A type of testicular cancer that begins in specialized sex cells called germ cells. These germ cell cancers tend to develop fairly early in life, usually occurring in men who are between their late teens and early 40s. Germ cell tumors that do not contain any elements of a cell type called seminoma are broadly classified as nonseminomas.

Types of Nonseminomas

Nonseminomas include embryonal carcinoma, teratoma, choriocarcinoma, and yolk sac carcinoma. Most nonseminomas have more than one cell type and are known as mixed germ cell tumors; treatment of them is the same. Because all nonseminoma germ cell cancers are treated the same way, the exact type of nonseminoma is not important. The cell type of these tumors is important for estimating the risk of cancer cell spread and the patient’s response to chemotherapy.

Embryonal Carcinoma

The embryonal cell type is most common in this type of nonseminoma germ cell cancer. This type is found in about 40 percent of testicular tumors. Pure embryonal carcinomas occur in only 3 to 4 percent of patients. Seen under a microscope, these tumors can resemble tissues of very early embryos, with a diffuse pattern of disorganized and irregular, small rounded cells that do not have specific organization into organlike structures. This type of nonseminoma is more likely to grow rapidly and spread outside the testicle.

Yolk Sac Carcinomas

Yolk sac tumors are named for the resemblance of their cells to the yolk sac of an early human embryo. Other names for these cancers include endodermal sinus tumors, infantile embryonal carcinomas, and orchidoblastomas. Yolk sac carcinoma is the most common form of testicular cancer in children and is usually successfully treated in this age group.

When yolk sac tumors develop in adults, however, they are more dangerous, especially if they are pure (that is, they do not contain other types of nonseminoma cells), although they still respond very well to chemotherapy if they have spread. This type of tumor releases a protein known as alpha-fetoprotein (AFP), whose presence can help confirm the diagnosis.

Choriocarcinomas

Choriocarcinomas are very rare and aggressive testicular cancers that occur in adults and often spread rapidly to distant organs of the body, including the lungs, bone, and brain. Pure choriocarcinoma does not often occur in the testicles. More often, choriocarcinoma cells are present with other types of nonseminoma cells in a mixed germ cell tumor. This type of tumor is classically associated with the production of a protein called human chorionic gonadotropin (hCG).

Teratomas

Teratomas are germ cell tumors that have areas that, when viewed under the microscope, resemble each of the three layers of a developing embryo. The three main types are mature teratoma, immature teratoma, and teratoma with malignant transformation.

Mature teratomas

These tumors are formed by cells similar to cells of adult tissues and rarely spread to nearby tissues or distant areas of the body. Although a mature teratoma rarely spreads, sometimes deposits of mature teratoma are found in other parts of the body after chemotherapy is finished. Experts believe that these deposits represent elements of a tumor that are left behind after chemotherapy; they can usually be cured by surgical removal after chemotherapy.

Immature teratomas

These less well-developed cancers have cells that resemble those of an early embryo and may spread to other organs. Unlike mature teratomas, this type has a greater potential to invade and occasionally to metastasize, and it is this type that sometimes recurs years after treatment.

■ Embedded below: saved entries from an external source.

(* For every integer $k\ge1$ let $a_k=(a_k(n))_{n\ge0}$ and $b_k=(b_k(n))_{n\ge0}$ be given by $a_k(n)=A_{n+k-1,k}$ and $b_k(n)=B_{n+k,k}$. Then: (i) $a_k,b_k\in\ell^1(\mathbb{N}^0,\frac{1}{4^n})$ with $\|a_k\|_{1,\frac1{4^n}}=2^{2k-1}$ and $\|b_k\|_{1,\frac1{4^n}}=2^{2k}$; (ii) $Z(a_k)(z)=(C(z))^{2k-1}$ and $Z(b_k)(z)=(C(z))^{2k}$ for $|z|<\frac14$; (iii) $a_k$ equals the convolution product of $2k-1$ copies of $c$, and $b_k$ equals the convolution product of $2k$ copies of $c$ (in the paper's notation, $a_k=c^{\ast(2k-2)}$ and $b_k=c^{\ast(2k-1)}$).
   Context: $C_n=\frac{1}{n+1}\binom{2n}{n}$ are the Catalan numbers, $c=(C_n)_{n\ge0}$, and $C(z)=\sum_{n\ge0}C_nz^n=\frac{1-\sqrt{1-4z}}{2z}$ for $|z|<\frac14$. The Catalan triangle numbers are $B_{n,k}=\frac{k}{n}\binom{2n}{n-k}$ ($n\ge1$, $1\le k\le n$) and $A_{n,k}=\frac{2k-1}{2n+1}\binom{2n+1}{n+1-k}$ ($n\ge0$, $1\le k\le n+1$). $\ell^1(\mathbb{N}^0,\frac1{4^n})$ is the Banach algebra of complex sequences $a=(a(n))_{n\ge0}$ with $\|a\|_{1,\frac1{4^n}}=\sum_{n\ge0}|a(n)|/4^n<\infty$, with convolution product $(a\ast b)(n)=\sum_{j=0}^n a(n-j)b(j)$. The paper's convention for convolution powers is $a^{\ast0}=a$, $a^{\ast n}=a^{\ast(n-1)}\ast a$, so $a^{\ast m}$ is the product of $m+1$ copies of $a$. $Z(a)(z)=\sum_{n\ge0}a(n)z^n$ is the $Z$-transform. *)

theory Defs
  imports "HOL-Analysis.Analysis"
begin

definition catalan :: "nat \<Rightarrow> complex" where
  "catalan n = of_nat ((2*n) choose n) / of_nat (n+1)"

definition catB :: "nat \<Rightarrow> nat \<Rightarrow> complex" where
  "catB n k = of_nat k / of_nat n * of_nat ((2*n) choose (n-k))"

definition catA :: "nat \<Rightarrow> nat \<Rightarrow> complex" where
  "catA n k = (2 * of_nat k - 1) / (2 * of_nat n + 1) * of_nat ((2*n+1) choose (n+1-k))"

text \<open>Generating function C(z) = (1 - sqrt(1-4z))/(2z), extended by its
  limit value 1 at z = 0 (principal square root).\<close>
definition catalan_gf :: "complex \<Rightarrow> complex" where
  "catalan_gf z = (if z = 0 then 1 else (1 - csqrt (1 - 4*z)) / (2*z))"

definition in_l1w :: "(nat \<Rightarrow> complex) \<Rightarrow> bool" where
  "in_l1w a \<longleftrightarrow> summable (\<lambda>n. norm (a n) / 4^n)"

definition l1w_norm :: "(nat \<Rightarrow> complex) \<Rightarrow> real" where
  "l1w_norm a = (\<Sum>n. norm (a n) / 4^n)"

text \<open>Convolution product and the paper's convolution powers
  (a^{*0} = a, a^{*n} = a^{*(n-1)} * a).\<close>
definition conv :: "(nat \<Rightarrow> complex) \<Rightarrow> (nat \<Rightarrow> complex) \<Rightarrow> nat \<Rightarrow> complex" where
  "conv a b n = (\<Sum>j\<le>n. a (n-j) * b j)"

fun conv_pow :: "(nat \<Rightarrow> complex) \<Rightarrow> nat \<Rightarrow> nat \<Rightarrow> complex" where
  "conv_pow a 0 = a"
| "conv_pow a (Suc m) = conv (conv_pow a m) a"

text \<open>Z-transform as a formal sum; convergence is asserted separately via sums.\<close>
definition Ztrans :: "(nat \<Rightarrow> complex) \<Rightarrow> complex \<Rightarrow> complex" where
  "Ztrans a z = (\<Sum>n. a n * z^n)"

end

theory Submission
  imports Defs
begin

(* The Catalan series C = sum C_n X^n satisfies C = 1 + X C^2 as a formal power series, because
   1 - 2 X C is the binomial series of (1 - 4X)^(1/2).  Hence C^(m+1) = C^m + X C^(m+2).  The ballot
   numbers m/(2n+m) binom(2n+m, n) satisfy the same recurrence (written as a difference of two
   binomial coefficients it is Pascal's rule), so they are the coefficients of C^m; the numbers
   A_{n+k-1,k} and B_{n+k,k} are the ballot numbers for m = 2k-1 and m = 2k.

   Analytically, C_n/4^n = 2 (u_n - u_(n+1)) with u_n = binom(2n, n)/4^n tending to 0, so
   sum C_n/4^n = 2 and all series involved converge absolutely on |z| <= 1/4.  Cauchy products
   show that the Z-transform of the (m+1)-fold convolution power of c is Z(c)^(m+1).  At z = 1/4
   all terms are nonnegative, which yields the weighted l^1 norms 2^(m+1); for |z| < 1/4 the value
   Z(c)(z) is the root w of z w^2 - w + 1 = 0 with |2 z w| < 1, which is C(z). *)

lemma central_binomial_Suc:
  "Suc n * (2 * Suc n choose Suc n) = 2 * (2 * n + 1) * (2 * n choose n)"
proof -
  have "2 * Suc n choose Suc n = (Suc (2 * n) choose n) + (Suc (2 * n) choose Suc n)"
    by simp
  also have "Suc (2 * n) choose n = Suc (2 * n) choose Suc n"
    using binomial_symmetric[of n "Suc (2 * n)"] by simp
  finally have "Suc n * (2 * Suc n choose Suc n) = 2 * (Suc n * (Suc (2 * n) choose Suc n))"
    by simp
  also have "Suc n * (Suc (2 * n) choose Suc n) = Suc (2 * n) * (2 * n choose n)"
    by (rule Suc_times_binomial)
  finally show ?thesis by simp
qed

Teratomas with malignant transformation

These very rare cancers contain some areas that resemble mature teratomas and other areas that resemble types of cancers that develop outside the testicle, in tissues such as muscles, glands of the lungs or intestines, or the brain.

Treatment

After removal of the testicle with radical orchibctomy, the stage of the tumor is then determined to decide appropriate therapy. Nonseminomas can be treated with additional surgery, chemotherapy, or surveillance. Standard therapy for patients with widespread disease would generally be considered to be four chemotherapy courses of bleomycin, etoposide, and Platinol (cisplatin) (BEP). Those patients who still have traces of a tumor remaining after chemotherapy should then have surgery to remove remaining cancerous tissue. Patients with nonseminomatous extragonadal germ cell tumors who experience relapse after front-line chemotherapy generally have a poor prognosis with a poor response to future chemotherapy regimens, including autologous bone marrow transplantation. These tumors are much more resistant than seminomas to the effects of radiation treatment.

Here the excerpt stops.